## EXERCISE OBJECTIVE
The answer must consist of every line from the entries that holds the word "subseteq".

::::

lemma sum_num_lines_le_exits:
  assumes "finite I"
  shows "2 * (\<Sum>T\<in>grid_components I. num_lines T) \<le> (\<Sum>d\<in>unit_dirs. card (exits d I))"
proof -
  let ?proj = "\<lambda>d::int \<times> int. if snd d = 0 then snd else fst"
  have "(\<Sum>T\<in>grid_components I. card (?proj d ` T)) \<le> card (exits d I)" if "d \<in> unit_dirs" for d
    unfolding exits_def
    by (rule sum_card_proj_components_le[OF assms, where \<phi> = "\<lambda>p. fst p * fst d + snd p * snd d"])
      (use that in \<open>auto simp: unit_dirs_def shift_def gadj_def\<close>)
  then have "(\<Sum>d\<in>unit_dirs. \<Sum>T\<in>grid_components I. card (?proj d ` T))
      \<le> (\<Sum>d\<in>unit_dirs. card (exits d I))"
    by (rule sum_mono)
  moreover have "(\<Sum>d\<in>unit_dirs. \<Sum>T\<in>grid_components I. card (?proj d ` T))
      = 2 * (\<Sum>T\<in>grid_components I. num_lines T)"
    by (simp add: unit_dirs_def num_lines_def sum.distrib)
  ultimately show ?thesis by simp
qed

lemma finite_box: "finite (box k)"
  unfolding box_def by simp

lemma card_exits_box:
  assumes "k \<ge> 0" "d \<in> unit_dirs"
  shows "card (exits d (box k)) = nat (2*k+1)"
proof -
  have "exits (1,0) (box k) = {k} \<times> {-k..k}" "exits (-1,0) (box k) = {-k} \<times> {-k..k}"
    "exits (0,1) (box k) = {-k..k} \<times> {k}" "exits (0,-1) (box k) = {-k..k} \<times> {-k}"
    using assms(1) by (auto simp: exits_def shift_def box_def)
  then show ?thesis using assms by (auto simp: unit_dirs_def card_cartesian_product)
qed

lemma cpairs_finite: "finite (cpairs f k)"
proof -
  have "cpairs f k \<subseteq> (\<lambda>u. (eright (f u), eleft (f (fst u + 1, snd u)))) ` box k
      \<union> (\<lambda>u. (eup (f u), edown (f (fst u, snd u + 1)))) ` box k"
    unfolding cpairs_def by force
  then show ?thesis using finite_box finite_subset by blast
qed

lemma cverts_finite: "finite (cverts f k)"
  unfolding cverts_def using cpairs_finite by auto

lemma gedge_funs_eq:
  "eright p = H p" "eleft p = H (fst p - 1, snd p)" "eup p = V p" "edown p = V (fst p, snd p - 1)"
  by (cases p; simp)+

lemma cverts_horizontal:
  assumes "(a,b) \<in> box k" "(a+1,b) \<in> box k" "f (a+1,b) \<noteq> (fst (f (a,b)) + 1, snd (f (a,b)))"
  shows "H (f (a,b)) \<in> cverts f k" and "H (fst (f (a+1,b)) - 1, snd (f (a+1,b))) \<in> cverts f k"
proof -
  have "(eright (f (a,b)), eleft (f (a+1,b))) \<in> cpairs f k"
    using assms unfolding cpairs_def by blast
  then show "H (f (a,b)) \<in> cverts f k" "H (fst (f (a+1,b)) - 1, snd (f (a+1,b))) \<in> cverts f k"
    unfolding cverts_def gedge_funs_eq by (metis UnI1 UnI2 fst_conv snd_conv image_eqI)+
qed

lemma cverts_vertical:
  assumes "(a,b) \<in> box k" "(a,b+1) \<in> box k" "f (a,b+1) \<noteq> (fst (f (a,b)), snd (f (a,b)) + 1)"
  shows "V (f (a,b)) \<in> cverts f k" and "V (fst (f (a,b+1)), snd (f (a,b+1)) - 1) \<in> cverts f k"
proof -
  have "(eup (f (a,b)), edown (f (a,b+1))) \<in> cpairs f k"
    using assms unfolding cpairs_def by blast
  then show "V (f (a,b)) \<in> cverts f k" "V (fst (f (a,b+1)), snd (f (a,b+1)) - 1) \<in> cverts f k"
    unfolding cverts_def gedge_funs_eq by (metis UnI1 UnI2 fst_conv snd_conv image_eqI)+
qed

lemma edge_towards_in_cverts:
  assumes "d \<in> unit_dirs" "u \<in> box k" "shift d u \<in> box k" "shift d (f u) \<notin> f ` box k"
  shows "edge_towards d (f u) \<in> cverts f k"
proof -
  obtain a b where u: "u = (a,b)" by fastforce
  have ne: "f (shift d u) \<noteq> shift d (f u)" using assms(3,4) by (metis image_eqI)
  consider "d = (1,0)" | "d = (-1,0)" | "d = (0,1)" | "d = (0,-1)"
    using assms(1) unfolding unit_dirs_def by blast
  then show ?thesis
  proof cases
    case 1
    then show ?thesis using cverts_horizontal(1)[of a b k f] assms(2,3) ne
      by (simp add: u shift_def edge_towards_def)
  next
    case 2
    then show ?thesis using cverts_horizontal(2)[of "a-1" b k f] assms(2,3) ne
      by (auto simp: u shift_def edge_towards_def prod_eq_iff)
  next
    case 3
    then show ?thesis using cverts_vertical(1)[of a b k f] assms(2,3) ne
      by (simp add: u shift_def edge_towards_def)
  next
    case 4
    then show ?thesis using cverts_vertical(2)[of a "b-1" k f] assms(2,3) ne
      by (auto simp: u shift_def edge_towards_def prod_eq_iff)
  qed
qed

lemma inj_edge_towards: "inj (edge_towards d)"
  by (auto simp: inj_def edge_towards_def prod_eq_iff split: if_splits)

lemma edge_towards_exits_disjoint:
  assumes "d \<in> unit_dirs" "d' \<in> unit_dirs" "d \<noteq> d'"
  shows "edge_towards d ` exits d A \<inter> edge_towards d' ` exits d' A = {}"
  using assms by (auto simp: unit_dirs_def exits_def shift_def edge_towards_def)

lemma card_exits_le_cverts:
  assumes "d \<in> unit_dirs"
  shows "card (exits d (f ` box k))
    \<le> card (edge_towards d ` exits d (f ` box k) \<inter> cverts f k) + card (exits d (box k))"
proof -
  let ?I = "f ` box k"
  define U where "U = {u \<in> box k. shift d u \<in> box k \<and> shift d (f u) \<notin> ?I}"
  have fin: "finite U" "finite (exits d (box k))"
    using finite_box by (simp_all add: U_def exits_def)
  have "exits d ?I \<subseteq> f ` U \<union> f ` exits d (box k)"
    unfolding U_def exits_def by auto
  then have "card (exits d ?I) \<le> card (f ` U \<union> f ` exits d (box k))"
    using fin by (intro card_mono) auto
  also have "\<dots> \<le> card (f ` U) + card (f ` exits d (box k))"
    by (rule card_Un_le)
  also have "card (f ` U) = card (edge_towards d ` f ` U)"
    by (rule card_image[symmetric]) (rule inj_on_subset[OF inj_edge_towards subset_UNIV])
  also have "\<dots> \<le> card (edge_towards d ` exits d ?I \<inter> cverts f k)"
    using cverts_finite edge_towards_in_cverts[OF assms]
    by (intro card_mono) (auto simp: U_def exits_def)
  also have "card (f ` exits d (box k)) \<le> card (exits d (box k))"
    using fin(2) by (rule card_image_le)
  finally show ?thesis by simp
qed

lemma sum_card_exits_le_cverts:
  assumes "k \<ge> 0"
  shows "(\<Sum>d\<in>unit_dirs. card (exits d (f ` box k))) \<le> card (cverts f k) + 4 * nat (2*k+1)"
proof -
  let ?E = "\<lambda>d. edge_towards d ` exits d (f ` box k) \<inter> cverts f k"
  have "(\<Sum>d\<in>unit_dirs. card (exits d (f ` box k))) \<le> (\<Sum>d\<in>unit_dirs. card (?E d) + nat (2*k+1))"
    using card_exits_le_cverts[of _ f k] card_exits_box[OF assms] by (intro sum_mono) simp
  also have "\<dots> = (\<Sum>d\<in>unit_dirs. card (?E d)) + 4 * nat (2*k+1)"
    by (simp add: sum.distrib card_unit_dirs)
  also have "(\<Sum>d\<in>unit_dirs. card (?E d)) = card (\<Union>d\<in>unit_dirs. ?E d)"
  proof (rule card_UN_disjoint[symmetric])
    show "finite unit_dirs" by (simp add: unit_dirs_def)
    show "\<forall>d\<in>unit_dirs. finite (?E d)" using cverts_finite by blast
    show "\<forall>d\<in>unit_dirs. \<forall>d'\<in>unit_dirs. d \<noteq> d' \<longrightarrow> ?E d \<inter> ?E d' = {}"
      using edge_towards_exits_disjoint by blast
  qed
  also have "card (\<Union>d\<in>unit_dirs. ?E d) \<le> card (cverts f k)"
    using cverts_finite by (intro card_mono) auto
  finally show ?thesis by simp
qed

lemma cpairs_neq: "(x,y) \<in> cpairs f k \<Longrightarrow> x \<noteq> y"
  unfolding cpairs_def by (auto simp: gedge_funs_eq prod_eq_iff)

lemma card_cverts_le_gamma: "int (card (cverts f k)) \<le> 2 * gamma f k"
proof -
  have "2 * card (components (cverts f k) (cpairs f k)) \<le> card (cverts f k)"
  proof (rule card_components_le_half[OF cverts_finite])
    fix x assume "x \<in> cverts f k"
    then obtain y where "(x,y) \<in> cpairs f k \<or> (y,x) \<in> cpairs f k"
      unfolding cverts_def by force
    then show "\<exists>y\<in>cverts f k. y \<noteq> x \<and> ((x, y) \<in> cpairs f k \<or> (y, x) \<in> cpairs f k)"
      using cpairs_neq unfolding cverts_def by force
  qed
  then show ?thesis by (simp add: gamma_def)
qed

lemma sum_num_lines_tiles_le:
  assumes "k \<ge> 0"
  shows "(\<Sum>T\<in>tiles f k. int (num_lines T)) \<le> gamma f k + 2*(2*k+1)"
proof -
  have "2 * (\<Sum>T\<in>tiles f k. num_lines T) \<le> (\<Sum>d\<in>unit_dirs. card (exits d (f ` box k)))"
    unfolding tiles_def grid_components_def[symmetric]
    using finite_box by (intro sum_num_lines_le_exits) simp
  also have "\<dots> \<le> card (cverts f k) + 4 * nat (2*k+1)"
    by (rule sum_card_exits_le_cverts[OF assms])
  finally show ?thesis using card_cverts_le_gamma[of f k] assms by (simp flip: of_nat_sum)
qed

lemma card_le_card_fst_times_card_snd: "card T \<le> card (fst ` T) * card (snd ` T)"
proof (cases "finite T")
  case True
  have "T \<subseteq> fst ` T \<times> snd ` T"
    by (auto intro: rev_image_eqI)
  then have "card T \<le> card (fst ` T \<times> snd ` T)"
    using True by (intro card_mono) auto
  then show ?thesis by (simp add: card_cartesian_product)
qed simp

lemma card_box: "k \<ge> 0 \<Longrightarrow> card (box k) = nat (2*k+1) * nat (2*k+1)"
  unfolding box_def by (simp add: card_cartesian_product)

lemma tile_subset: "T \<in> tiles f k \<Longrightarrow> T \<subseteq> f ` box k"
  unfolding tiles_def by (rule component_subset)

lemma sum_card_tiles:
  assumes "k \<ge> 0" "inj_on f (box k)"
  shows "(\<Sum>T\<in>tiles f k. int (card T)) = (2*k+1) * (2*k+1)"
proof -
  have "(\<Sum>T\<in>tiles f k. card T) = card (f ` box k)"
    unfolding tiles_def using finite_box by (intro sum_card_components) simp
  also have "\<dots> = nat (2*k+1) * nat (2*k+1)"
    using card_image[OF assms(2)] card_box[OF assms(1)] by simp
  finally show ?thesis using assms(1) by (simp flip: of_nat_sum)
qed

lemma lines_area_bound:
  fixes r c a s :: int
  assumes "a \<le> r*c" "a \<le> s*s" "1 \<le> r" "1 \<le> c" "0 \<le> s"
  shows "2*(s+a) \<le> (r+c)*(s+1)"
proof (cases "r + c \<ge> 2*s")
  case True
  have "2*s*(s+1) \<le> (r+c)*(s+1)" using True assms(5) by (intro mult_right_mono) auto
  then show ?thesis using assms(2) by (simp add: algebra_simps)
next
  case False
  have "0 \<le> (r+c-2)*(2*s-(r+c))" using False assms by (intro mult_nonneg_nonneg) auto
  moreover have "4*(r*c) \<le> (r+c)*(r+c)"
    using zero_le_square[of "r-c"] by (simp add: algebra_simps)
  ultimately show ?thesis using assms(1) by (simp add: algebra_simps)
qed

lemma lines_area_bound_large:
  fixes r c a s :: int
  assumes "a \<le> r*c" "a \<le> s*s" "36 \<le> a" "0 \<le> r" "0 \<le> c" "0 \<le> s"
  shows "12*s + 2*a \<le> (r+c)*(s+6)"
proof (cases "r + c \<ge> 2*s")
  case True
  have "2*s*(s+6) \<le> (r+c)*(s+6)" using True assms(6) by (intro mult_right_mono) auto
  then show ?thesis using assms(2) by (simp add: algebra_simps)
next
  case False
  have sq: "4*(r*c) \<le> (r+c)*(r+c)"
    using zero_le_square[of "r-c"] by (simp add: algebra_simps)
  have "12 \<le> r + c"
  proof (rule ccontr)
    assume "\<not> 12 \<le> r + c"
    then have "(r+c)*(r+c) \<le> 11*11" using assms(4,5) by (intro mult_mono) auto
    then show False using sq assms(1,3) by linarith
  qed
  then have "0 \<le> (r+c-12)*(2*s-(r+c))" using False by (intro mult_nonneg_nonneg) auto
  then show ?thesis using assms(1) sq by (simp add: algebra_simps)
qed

::::

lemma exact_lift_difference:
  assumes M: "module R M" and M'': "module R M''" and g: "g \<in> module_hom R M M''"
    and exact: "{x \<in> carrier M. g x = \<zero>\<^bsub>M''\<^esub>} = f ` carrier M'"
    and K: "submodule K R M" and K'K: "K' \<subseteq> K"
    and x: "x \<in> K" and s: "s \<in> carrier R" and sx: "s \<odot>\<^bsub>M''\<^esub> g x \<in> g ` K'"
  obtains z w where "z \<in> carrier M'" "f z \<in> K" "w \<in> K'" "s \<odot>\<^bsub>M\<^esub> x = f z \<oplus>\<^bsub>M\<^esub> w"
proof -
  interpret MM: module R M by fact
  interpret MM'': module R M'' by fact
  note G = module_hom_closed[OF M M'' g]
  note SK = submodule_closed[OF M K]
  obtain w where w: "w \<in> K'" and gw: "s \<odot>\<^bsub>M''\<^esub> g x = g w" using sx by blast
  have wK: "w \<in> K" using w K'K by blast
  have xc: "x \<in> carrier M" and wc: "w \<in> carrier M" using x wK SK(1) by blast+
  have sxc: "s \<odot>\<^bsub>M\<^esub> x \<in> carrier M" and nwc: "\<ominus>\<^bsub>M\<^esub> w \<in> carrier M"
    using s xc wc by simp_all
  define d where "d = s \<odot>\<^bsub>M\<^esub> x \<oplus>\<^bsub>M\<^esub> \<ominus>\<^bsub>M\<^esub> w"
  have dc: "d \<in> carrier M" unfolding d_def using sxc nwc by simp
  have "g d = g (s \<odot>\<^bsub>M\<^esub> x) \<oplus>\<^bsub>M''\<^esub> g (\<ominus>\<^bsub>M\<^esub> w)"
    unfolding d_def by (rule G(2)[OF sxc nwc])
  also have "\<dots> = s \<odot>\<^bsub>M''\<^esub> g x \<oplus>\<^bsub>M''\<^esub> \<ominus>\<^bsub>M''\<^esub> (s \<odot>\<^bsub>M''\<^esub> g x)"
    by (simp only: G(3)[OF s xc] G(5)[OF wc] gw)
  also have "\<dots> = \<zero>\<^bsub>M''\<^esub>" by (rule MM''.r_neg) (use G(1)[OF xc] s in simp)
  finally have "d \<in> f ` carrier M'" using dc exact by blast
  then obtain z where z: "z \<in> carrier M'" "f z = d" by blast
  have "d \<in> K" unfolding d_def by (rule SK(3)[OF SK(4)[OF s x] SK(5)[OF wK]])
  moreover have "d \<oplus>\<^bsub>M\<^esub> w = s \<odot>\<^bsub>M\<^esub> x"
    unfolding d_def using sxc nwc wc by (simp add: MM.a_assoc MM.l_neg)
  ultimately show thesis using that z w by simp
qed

::::

## PROBLEM SOLUTION
  have "cpairs f k \<subseteq> (\<lambda>u. (eright (f u), eleft (f (fst u + 1, snd u)))) ` box k
  have "exits d ?I \<subseteq> f ` U \<union> f ` exits d (box k)"
  have "T \<subseteq> fst ` T \<times> snd ` T"
lemma tile_subset: "T \<in> tiles f k \<Longrightarrow> T \<subseteq> f ` box k"
    and K: "submodule K R M" and K'K: "K' \<subseteq> K"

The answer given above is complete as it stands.